Owing to its selectivity for DAT and favorable kinetics, the radioligand N-(3-iodoprop-2E-enyl)-2β-carbomethoxy-3β-(4-methylphenyl)nortropane (PE2I) can be a valuable tool for DAT imaging (Halldin et al, 2003; Jucaite et al, 2006; Hirvonen et al, 2008). In competition studies, PE2I showed high affinity for DAT in vitro (Ki, = 17 nmol/L) with a significantly lower binding affinity for serotonin or norepinephrine transporters (Emond et al, 2008). In vitro saturation studies have also validated the high DAT affinity of PE2I, resulting in a measured (Na + dependent) Kd of 3.9 nmol/L in 120 mmol/L of NaCl (Emond et al, 2008). However, DAT measurements using PE2I have shown great variability (Jucaite et al, 2006; Leroy et al, 2007). To examine the source of this interindividual variability, a test–retest paradigm is needed.
Initial test-retest studies carried out by Hirvonen et al (2008) yielded promising results. However, in those studies, the high binding striatal regions had not reached equilibrium within the 69 mins of scanning time. This prevented modeling of the time activity curves (TACs) using graphical methods (as a linear part of the Logan integral graph could not be obtained) and may have affected the estimation of outcome measures in the high binding regions. In addition, the coregistration between positron emission tomography (PET) images and magnetic resonance images (MRIs) was based on minimizing a mutual information-type cost function, as is often the case (Leroy et al, 2007; Hirvonen et al, 2008; Ito et al, 2008). However, recent work (DeLorenzo et al, 2009) has shown that a single coregistration technique may not be optimal in all cases and that coregistration inaccuracies can yield up to 20% error in calculated outcome measures.

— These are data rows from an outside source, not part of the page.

(* Let $K$ be any field, $1\le d\le n$, $N \ge n+d$, and $I = (S_N.\,e_n^d(x_1,\dots,x_n)) \subseteq K[x_1,\dots,x_N]$. Then $$(x_1 - x_{n+1})(x_2 - x_{n+2})\cdots(x_d - x_{n+d}) \in I.$$
   Context: $e_n^d(x_1,\dots,x_n)$ denotes the elementary symmetric polynomial of degree $d$ in $x_1,\dots,x_n$; $(S_N.g)$ denotes the ideal generated by the orbit of $g$ under the permutation action of $S_N$ on the variables. *)

theory Defs
  imports "HOL-Library.Poly_Mapping" "HOL-Combinatorics.Permutations"
begin

text \<open>Multivariate polynomials over K in variables x_1, x_2, ... (indexed by nat):
  a polynomial maps monomials (exponent vectors nat \<Rightarrow>0 nat) to coefficients.\<close>
type_synonym 'a mpoly = "(nat \<Rightarrow>\<^sub>0 nat) \<Rightarrow>\<^sub>0 'a"

definition Var :: "nat \<Rightarrow> 'a::comm_ring_1 mpoly" where
  "Var i = Poly_Mapping.single (Poly_Mapping.single i 1) 1"

definition Const :: "'a::comm_ring_1 \<Rightarrow> 'a mpoly" where
  "Const c = Poly_Mapping.single 0 c"

definition vars :: "'a::comm_ring_1 mpoly \<Rightarrow> nat set" where
  "vars p = \<Union> (Poly_Mapping.keys ` Poly_Mapping.keys p)"

definition polyring :: "nat \<Rightarrow> 'a::comm_ring_1 mpoly set" where
  "polyring N = {p. vars p \<subseteq> {1..N}}"

definition perm_act :: "(nat \<Rightarrow> nat) \<Rightarrow> 'a::comm_ring_1 mpoly \<Rightarrow> 'a mpoly" where
  "perm_act \<sigma> p = (\<Sum>m\<in>Poly_Mapping.keys p.
      Const (Poly_Mapping.lookup p m) *
      (\<Prod>i\<in>Poly_Mapping.keys m. Var (\<sigma> i) ^ Poly_Mapping.lookup m i))"

definition elem_sym :: "nat \<Rightarrow> nat \<Rightarrow> 'a::comm_ring_1 mpoly" where
  "elem_sym n d = (\<Sum>S\<in>{S. S \<subseteq> {1..n} \<and> card S = d}. \<Prod>i\<in>S. Var i)"

definition ideal_gen :: "'a::comm_ring_1 mpoly set \<Rightarrow> 'a mpoly set \<Rightarrow> 'a mpoly set" where
  "ideal_gen R G = {(\<Sum>g\<in>T. r g * g) | T r. finite T \<and> T \<subseteq> G \<and> (\<forall>g\<in>T. r g \<in> R)}"

definition orbit_ideal :: "nat \<Rightarrow> 'a::comm_ring_1 mpoly \<Rightarrow> 'a mpoly set" where
  "orbit_ideal N g = ideal_gen (polyring N) {perm_act \<sigma> g | \<sigma>. \<sigma> permutes {1..N}}"

end

theory Submission
  imports Defs
begin

text \<open>Let \<open>P_j = (x_1 - x_{n+1}) \<cdots> (x_j - x_{n+j}) \<cdot> e_{d-j}(x_{j+1}, \<dots>, x_n)\<close>, so that
  \<open>P_0 = e_n^d\<close> and \<open>P_d\<close> is the product in question. Splitting the elementary symmetric
  factor according to whether a monomial contains \<open>x_{j+1}\<close> gives \<open>P_j - \<tau> P_j = P_{j+1}\<close>,
  where \<open>\<tau>\<close> transposes \<open>x_{j+1}\<close> and \<open>x_{n+j+1}\<close>: the part without \<open>x_{j+1}\<close> is
  \<open>\<tau>\<close>-invariant and cancels. The identity holds for every substitution of the variables, so
  every permuted copy of \<open>P_{j+1}\<close> is a difference of two permuted copies of \<open>P_j\<close>, and
  induction on \<open>j\<close> places \<open>P_d\<close> in the ideal generated by the permuted copies of \<open>e_n^d\<close>.\<close>

definition esym :: "'b set \<Rightarrow> nat \<Rightarrow> ('b \<Rightarrow> 'a::comm_ring_1) \<Rightarrow> 'a" where
  "esym A k h = (\<Sum>S\<in>{S. S \<subseteq> A \<and> card S = k}. \<Prod>i\<in>S. h i)"

lemma esym_0: "finite A \<Longrightarrow> esym A 0 h = 1"
proof -
  assume "finite A"
  then have "{S. S \<subseteq> A \<and> card S = 0} = {{}}" by (auto dest: finite_subset)
  then show ?thesis by (simp add: esym_def)
qed

lemma esym_cong: "(\<And>i. i \<in> A \<Longrightarrow> h i = h' i) \<Longrightarrow> esym A k h = esym A k h'"
  unfolding esym_def by (intro sum.cong refl prod.cong) auto

lemma esym_insert_Suc:
  assumes "finite A" "a \<notin> A"
  shows "esym (insert a A) (Suc k) h = h a * esym A k h + esym A (Suc k) h"
proof -
  let ?sets = "\<lambda>k. {S. S \<subseteq> A \<and> card S = k}"
  have split: "{S. S \<subseteq> insert a A \<and> card S = Suc k} = insert a ` ?sets k \<union> ?sets (Suc k)"
  proof (intro set_eqI iffI)
    fix S assume S: "S \<in> {S. S \<subseteq> insert a A \<and> card S = Suc k}"
    then have "finite S" using assms(1) by (auto dest: finite_subset)
    with S show "S \<in> insert a ` ?sets k \<union> ?sets (Suc k)"
      by (cases "a \<in> S") (auto intro!: image_eqI[of S "insert a" "S - {a}"])
  next
    fix S assume "S \<in> insert a ` ?sets k \<union> ?sets (Suc k)"
    with assms show "S \<in> {S. S \<subseteq> insert a A \<and> card S = Suc k}"
      by (auto simp: card_insert_if finite_subset subsetD)
  qed
  have inj: "inj_on (insert a) (?sets k)"
    using assms(2) by (auto simp: inj_on_def)
  have "esym (insert a A) (Suc k) h = (\<Sum>S\<in>insert a ` ?sets k. \<Prod>i\<in>S. h i) + esym A (Suc k) h"
    unfolding esym_def split using assms by (intro sum.union_disjoint) auto
  also have "(\<Sum>S\<in>insert a ` ?sets k. \<Prod>i\<in>S. h i) = (\<Sum>S\<in>?sets k. \<Prod>i\<in>insert a S. h i)"
    by (rule sum.reindex[OF inj, unfolded comp_def])
  also have "\<dots> = (\<Sum>S\<in>?sets k. h a * (\<Prod>i\<in>S. h i))"
    using assms by (intro sum.cong refl prod.insert) (auto dest: finite_subset)
  finally show ?thesis by (simp add: esym_def sum_distrib_left)
qed

lemma ideal_gen_generator: "1 \<in> R \<Longrightarrow> g \<in> G \<Longrightarrow> g \<in> ideal_gen R G"
  unfolding ideal_gen_def by (intro CollectI exI[of _ "{g}"] exI[of _ "\<lambda>_. 1"]) simp

lemma ideal_gen_diff:
  assumes "0 \<in> R" and diff_closed: "\<And>a b. a \<in> R \<Longrightarrow> b \<in> R \<Longrightarrow> a - b \<in> R"
    and "p \<in> ideal_gen R G" "q \<in> ideal_gen R G"
  shows "p - q \<in> ideal_gen R G"
proof -
  obtain T1 r1 where T1: "p = (\<Sum>g\<in>T1. r1 g * g)" "finite T1" "T1 \<subseteq> G" "\<forall>g\<in>T1. r1 g \<in> R"
    using assms(3) unfolding ideal_gen_def by blast
  obtain T2 r2 where T2: "q = (\<Sum>g\<in>T2. r2 g * g)" "finite T2" "T2 \<subseteq> G" "\<forall>g\<in>T2. r2 g \<in> R"
    using assms(4) unfolding ideal_gen_def by blast
  define s1 where "s1 g = (if g \<in> T1 then r1 g else 0)" for g
  define s2 where "s2 g = (if g \<in> T2 then r2 g else 0)" for g
  have "p = (\<Sum>g\<in>T1 \<union> T2. s1 g * g)"
    unfolding T1 using T1 T2 by (intro sum.mono_neutral_cong_left) (auto simp: s1_def)
  moreover have "q = (\<Sum>g\<in>T1 \<union> T2. s2 g * g)"
    unfolding T2 using T1 T2 by (intro sum.mono_neutral_cong_left) (auto simp: s2_def)
  ultimately have "p - q = (\<Sum>g\<in>T1 \<union> T2. (s1 g - s2 g) * g)"
    by (simp add: sum_subtractf left_diff_distrib)
  moreover have "s1 g - s2 g \<in> R" for g
  proof (rule diff_closed)
    show "s1 g \<in> R" "s2 g \<in> R"
      using T1(4) T2(4) assms(1) by (simp_all add: s1_def s2_def)
  qed
  ultimately show ?thesis
    unfolding ideal_gen_def using T1(2,3) T2(2,3)
    by (intro CollectI exI[of _ "T1 \<union> T2"] exI[of _ "\<lambda>g. s1 g - s2 g"]) auto
qed

lemma vars_diff: "vars (p - q) \<subseteq> vars p \<union> vars q"
  unfolding vars_def using keys_diff[of p q] by auto

lemma polyring_diff: "p \<in> polyring N \<Longrightarrow> q \<in> polyring N \<Longrightarrow> p - q \<in> polyring N"
  unfolding polyring_def using vars_diff by blast

lemma zero_in_polyring: "0 \<in> polyring N"
  by (simp add: polyring_def vars_def)

lemma one_in_polyring: "1 \<in> polyring N"
  by (simp add: polyring_def vars_def)

lemma perm_act_in_orbit_ideal: "\<sigma> permutes {1..N} \<Longrightarrow> perm_act \<sigma> g \<in> orbit_ideal N g"
  unfolding orbit_ideal_def using one_in_polyring by (intro ideal_gen_generator) auto

lemma orbit_ideal_diff:
  "p \<in> orbit_ideal N g \<Longrightarrow> q \<in> orbit_ideal N g \<Longrightarrow> p - q \<in> orbit_ideal N g"
  unfolding orbit_ideal_def
  by (rule ideal_gen_diff) (simp_all add: zero_in_polyring polyring_diff)

definition set_monom :: "nat set \<Rightarrow> (nat \<Rightarrow>\<^sub>0 nat)" where
  "set_monom S = (\<Sum>i\<in>S. Poly_Mapping.single i 1)"

lemma lookup_set_monom:
  "finite S \<Longrightarrow> Poly_Mapping.lookup (set_monom S) j = (if j \<in> S then 1 else 0)"
  unfolding set_monom_def lookup_sum lookup_single by (simp add: when_def)

lemma keys_set_monom: "finite S \<Longrightarrow> Poly_Mapping.keys (set_monom S) = S"
  by (auto simp: in_keys_iff lookup_set_monom split: if_splits)

lemma prod_Var_eq_single:
  "finite S \<Longrightarrow> (\<Prod>i\<in>S. Var i) = (Poly_Mapping.single (set_monom S) 1 :: 'a::comm_ring_1 mpoly)"
  by (induction S rule: finite_induct) (simp_all add: set_monom_def Var_def mult_single)

lemma perm_act_sum_single:
  assumes "finite M"
  shows "perm_act \<sigma> (\<Sum>m\<in>M. Poly_Mapping.single m (c m) :: 'a::comm_ring_1 mpoly)
     = (\<Sum>m\<in>M. Const (c m) * (\<Prod>i\<in>Poly_Mapping.keys m. Var (\<sigma> i) ^ Poly_Mapping.lookup m i))"
proof -
  define p where "p = (\<Sum>m\<in>M. Poly_Mapping.single m (c m) :: 'a mpoly)"
  have lookup_p: "Poly_Mapping.lookup p m = (if m \<in> M then c m else 0)" for m
    unfolding p_def lookup_sum lookup_single using assms by (simp add: when_def)
  have "Poly_Mapping.keys p \<subseteq> M" by (auto simp: in_keys_iff lookup_p split: if_splits)
  then show ?thesis unfolding p_def[symmetric] perm_act_def
    by (intro sum.mono_neutral_cong_left[OF assms]) (auto simp: lookup_p in_keys_iff Const_def)
qed

lemma perm_act_elem_sym:
  "perm_act \<sigma> (elem_sym n d :: 'a::comm_ring_1 mpoly) = esym {1..n} d (\<lambda>i. Var (\<sigma> i))"
proof -
  define sets where "sets = {S. S \<subseteq> {1..n} \<and> card S = d}"
  have "finite sets" unfolding sets_def by simp
  have fin: "S \<in> sets \<Longrightarrow> finite S" for S unfolding sets_def using finite_subset by auto
  have inj: "inj_on set_monom sets"
  proof (rule inj_onI)
    fix S T assume "S \<in> sets" "T \<in> sets" "set_monom S = set_monom T"
    then show "S = T" using keys_set_monom fin by metis
  qed
  have "elem_sym n d = (\<Sum>S\<in>sets. Poly_Mapping.single (set_monom S) (1::'a))"
    unfolding elem_sym_def sets_def[symmetric] by (intro sum.cong) (auto simp: prod_Var_eq_single fin)
  also have "\<dots> = (\<Sum>m\<in>set_monom ` sets. Poly_Mapping.single m 1)"
    by (simp add: sum.reindex[OF inj])
  finally have "perm_act \<sigma> (elem_sym n d :: 'a mpoly) =
     (\<Sum>m\<in>set_monom ` sets. Const 1 * (\<Prod>i\<in>Poly_Mapping.keys m. Var (\<sigma> i) ^ Poly_Mapping.lookup m i))"
    using perm_act_sum_single[of "set_monom ` sets" \<sigma> "\<lambda>_. 1"] \<open>finite sets\<close> by simp
  also have "\<dots> = (\<Sum>S\<in>sets. \<Prod>i\<in>S. Var (\<sigma> i))"
    by (simp add: sum.reindex[OF inj] Const_def keys_set_monom lookup_set_monom fin cong: prod.cong)
  finally show ?thesis unfolding esym_def sets_def .
qed

text \<open>\<open>diff_esym n d j h\<close> is \<open>P_j\<close> evaluated at \<open>x_i := h i\<close>.\<close>

definition diff_esym :: "nat \<Rightarrow> nat \<Rightarrow> nat \<Rightarrow> (nat \<Rightarrow> 'a::comm_ring_1) \<Rightarrow> 'a" where
  "diff_esym n d j h = (\<Prod>i\<in>{1..j}. h i - h (n + i)) * esym {Suc j..n} (d - j) h"

lemma diff_esym_Suc:
  fixes h :: "nat \<Rightarrow> 'a::comm_ring_1"
  assumes "j < d" "d \<le> n"
  shows "diff_esym n d j h - diff_esym n d j (h \<circ> transpose (Suc j) (n + Suc j))
    = diff_esym n d (Suc j) h"
proof -
  define h' where "h' = h \<circ> transpose (Suc j) (n + Suc j)"
  have split: "esym {Suc j..n} (d - j) g = g (Suc j) * esym {Suc (Suc j)..n} (d - Suc j) g
      + esym {Suc (Suc j)..n} (Suc (d - Suc j)) g" for g :: "nat \<Rightarrow> 'a"
  proof -
    have "{Suc j..n} = insert (Suc j) {Suc (Suc j)..n}" "d - j = Suc (d - Suc j)"
      using assms by auto
    then show ?thesis by (simp only:) (rule esym_insert_Suc; simp)
  qed
  have "esym {Suc (Suc j)..n} k h' = esym {Suc (Suc j)..n} k h" for k
    by (rule esym_cong) (auto simp: h'_def)
  moreover have "(\<Prod>i\<in>{1..j}. h' i - h' (n + i)) = (\<Prod>i\<in>{1..j}. h i - h (n + i))"
    using assms by (intro prod.cong) (auto simp: h'_def)
  moreover have "h' (Suc j) = h (n + Suc j)" by (simp add: h'_def)
  ultimately show ?thesis
    unfolding h'_def[symmetric] diff_esym_def split by (simp add: algebra_simps)
qed

lemma diff_esym_in_orbit_ideal:
  assumes "j \<le> d" "d \<le> n" "n + d \<le> N" "\<sigma> permutes {1..N}"
  shows "diff_esym n d j (\<lambda>i. Var (\<sigma> i)) \<in> orbit_ideal N (elem_sym n d :: 'a::comm_ring_1 mpoly)"
  using assms(1,4)
proof (induction j arbitrary: \<sigma>)
  case 0
  then have "perm_act \<sigma> (elem_sym n d) \<in> orbit_ideal N (elem_sym n d :: 'a mpoly)"
    by (intro perm_act_in_orbit_ideal) simp
  then show ?case by (simp add: diff_esym_def perm_act_elem_sym)
next
  case (Suc j)
  let ?\<tau> = "transpose (Suc j) (n + Suc j)"
  have "?\<tau> permutes {1..N}"
    using Suc.prems assms by (intro permutes_swap_id) auto
  then have "\<sigma> \<circ> ?\<tau> permutes {1..N}" using Suc.prems by (intro permutes_compose)
  then have "diff_esym n d j (\<lambda>i. Var ((\<sigma> \<circ> ?\<tau>) i)) \<in> orbit_ideal N (elem_sym n d :: 'a mpoly)"
    by (rule Suc.IH[OF Suc_leD[OF Suc.prems(1)]])
  then have "diff_esym n d j (\<lambda>i. Var (\<sigma> i)) - diff_esym n d j (\<lambda>i. Var ((\<sigma> \<circ> ?\<tau>) i))
      \<in> orbit_ideal N (elem_sym n d :: 'a mpoly)"
    using Suc by (intro orbit_ideal_diff) simp_all
  also have "diff_esym n d j (\<lambda>i. Var (\<sigma> i)) - diff_esym n d j (\<lambda>i. Var ((\<sigma> \<circ> ?\<tau>) i))
      = diff_esym n d (Suc j) (\<lambda>i. Var (\<sigma> i))"
    using diff_esym_Suc[of j d n "\<lambda>i. Var (\<sigma> i)"] Suc.prems assms by (simp add: comp_def)
  finally show ?case .
qed

theorem mainTheorem11:
  fixes n d N :: nat
  assumes "1 \<le> d" and "d \<le> n" and "n + d \<le> N"
  shows "(\<Prod>i\<in>{1..d}. Var i - Var (n + i) :: 'a::field mpoly)
           \<in> orbit_ideal N (elem_sym n d :: 'a mpoly)"
proof -
  have "diff_esym n d d (\<lambda>i. Var (id i)) \<in> orbit_ideal N (elem_sym n d :: 'a mpoly)"
    using assms by (intro diff_esym_in_orbit_ideal permutes_id) auto
  then show ?thesis by (simp add: diff_esym_def esym_0)
qed

end
(* Let $(\Gamma,\tau)$ be a $z$-oriented triangulation of a connected closed $2$-dimensional surface. If $(\Gamma,\tau)$ has a face of type I, then the Markov chain $\mathcal{X}_{\tau}$ is ergodic.
   Context: A triangulation $\Gamma$ of a connected closed surface $M$ (not necessarily orientable) is a closed $2$-cell embedding of a connected finite simple graph in $M$ all of whose faces are triangles. Two edges are adjacent if distinct and in a common face; two faces are adjacent if distinct and their intersection is an edge. A zigzag is a sequence of edges $(e_i)_{i\in\mathbb{N}}$ such that for every $i$: $e_i,e_{i+1}$ are adjacent, the faces containing $e_i,e_{i+1}$ and $e_{i+1},e_{i+2}$ are adjacent, and $e_i,e_{i+2}$ are disjoint; it is a cyclic sequence, equivalently a cyclic vertex sequence $v_1,\dots,v_n$ with $e_i=v_iv_{i+1}$, traversing $e_i$ from $v_i$ to $v_{i+1}$. A $z$-orientation $\tau$ is a set of zigzags containing exactly one of $Z,Z^{-1}$ (reversed zigzag) for every zigzag $Z$. Every edge is traversed exactly twice in total by zigzags of $\tau$; it is of type I if in opposite directions, of type II if in the same direction (then regarded as directed that way). Each face has either two type I edges and one type II edge (face of type I) or three type II edges forming a directed cycle (face of type II). For $v\in V=\{v_1,\dots,v_n\}$ let $d(v)$ be the number of type I edges at $v$ plus twice the number of type II edges directed out of $v$. $\mathcal{X}_{\tau}$ is the time-homogeneous Markov chain on $V$ with $p_{ij}=1/d(v_i)$ if $v_iv_j$ is a type I edge, $p_{ij}=2/d(v_i)$ if $v_iv_j$ is a type II edge directed from $v_i$ to $v_j$, $p_{ij}=0$ otherwise. Ergodic means irreducible and aperiodic. *)

theory Defs
  imports Complex_Main
begin

text \<open>Every edge lies in exactly two faces, the faces around each vertex form a single
  cycle (connected vertex links), and the graph is connected.\<close>

definition link_rel :: "'a set set \<Rightarrow> 'a \<Rightarrow> ('a set \<times> 'a set) set" where
  "link_rel F v = {(f, g). f \<in> F \<and> g \<in> F \<and> f \<noteq> g \<and> v \<in> f \<inter> g \<and> card (f \<inter> g) = 2}"

definition triangulation :: "'a set \<Rightarrow> 'a set set \<Rightarrow> 'a set set \<Rightarrow> bool" where
  "triangulation V E F \<longleftrightarrow>
     finite V \<and> V \<noteq> {} \<and>
     (\<forall>e\<in>E. e \<subseteq> V \<and> card e = 2) \<and>
     (\<forall>f\<in>F. f \<subseteq> V \<and> card f = 3 \<and> (\<forall>e. e \<subseteq> f \<and> card e = 2 \<longrightarrow> e \<in> E)) \<and>
     (\<forall>e\<in>E. card {f\<in>F. e \<subseteq> f} = 2) \<and>
     (\<forall>v\<in>V. (\<exists>f\<in>F. v \<in> f) \<and>
        (\<forall>f\<in>F. \<forall>g\<in>F. v \<in> f \<and> v \<in> g \<longrightarrow> (f, g) \<in> (link_rel F v)\<^sup>*)) \<and>
     (\<forall>u\<in>V. \<forall>v\<in>V. (u, v) \<in> {(x, y). {x, y} \<in> E}\<^sup>*)"

text \<open>A zigzag given by a cyclic vertex sequence xs = [v_1,...,v_n];
  edge e_i = v_i v_(i+1), indices modulo n.\<close>

definition zz_vert :: "'a list \<Rightarrow> nat \<Rightarrow> 'a" where
  "zz_vert xs i = xs ! (i mod length xs)"

definition zz_edge :: "'a list \<Rightarrow> nat \<Rightarrow> 'a set" where
  "zz_edge xs i = {zz_vert xs i, zz_vert xs (Suc i)}"

definition zigzag_seq :: "'a set set \<Rightarrow> 'a set set \<Rightarrow> 'a list \<Rightarrow> bool" where
  "zigzag_seq E F xs \<longleftrightarrow> xs \<noteq> [] \<and>
     (\<forall>i. zz_edge xs i \<in> E \<and>
          zz_edge xs i \<noteq> zz_edge xs (i + 1) \<and>
          (\<exists>f\<in>F. zz_edge xs i \<subseteq> f \<and> zz_edge xs (i + 1) \<subseteq> f) \<and>
          (let f1 = zz_edge xs i \<union> zz_edge xs (i + 1);
               f2 = zz_edge xs (i + 1) \<union> zz_edge xs (i + 2)
           in f1 \<noteq> f2 \<and> f1 \<inter> f2 \<in> E) \<and>
          zz_edge xs i \<inter> zz_edge xs (i + 2) = {})"

text \<open>Cyclic sequences are taken with their minimal period (primitive lists),
  and a zigzag is the class of all rotations of such a list.\<close>

definition primitive_list :: "'a list \<Rightarrow> bool" where
  "primitive_list xs \<longleftrightarrow> (\<forall>k. 0 < k \<and> k < length xs \<longrightarrow> rotate k xs \<noteq> xs)"

definition zigzags :: "'a set set \<Rightarrow> 'a set set \<Rightarrow> 'a list set set" where
  "zigzags E F = {range (\<lambda>k. rotate k xs) | xs. zigzag_seq E F xs \<and> primitive_list xs}"

definition zz_rev :: "'a list set \<Rightarrow> 'a list set" where
  "zz_rev Z = rev ` Z"

definition z_orientation :: "'a set set \<Rightarrow> 'a set set \<Rightarrow> 'a list set set \<Rightarrow> bool" where
  "z_orientation E F \<tau> \<longleftrightarrow> \<tau> \<subseteq> zigzags E F \<and>
     (\<forall>Z\<in>zigzags E F. card ({Z, zz_rev Z} \<inter> \<tau>) = 1)"

definition zz_count :: "'a list set \<Rightarrow> 'a \<Rightarrow> 'a \<Rightarrow> nat" where
  "zz_count Z u v = (let xs = (SOME xs. xs \<in> Z) in
     card {i. i < length xs \<and> zz_vert xs i = u \<and> zz_vert xs (Suc i) = v})"

definition trav :: "'a list set set \<Rightarrow> 'a \<Rightarrow> 'a \<Rightarrow> nat" where
  "trav \<tau> u v = (\<Sum>Z\<in>\<tau>. zz_count Z u v)"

To address these problems, in this study, subjects were scanned for 120 mins, allowing the high binding regions to reach equilibrium. The extra scanning time expanded the modeling possibilities, allowing the use of graphical approaches. Moreover, eight possible coregistrations were performed for each PET acquisition, and the optimum coregistration was automatically chosen on the basis of a technique that has been extensively tested.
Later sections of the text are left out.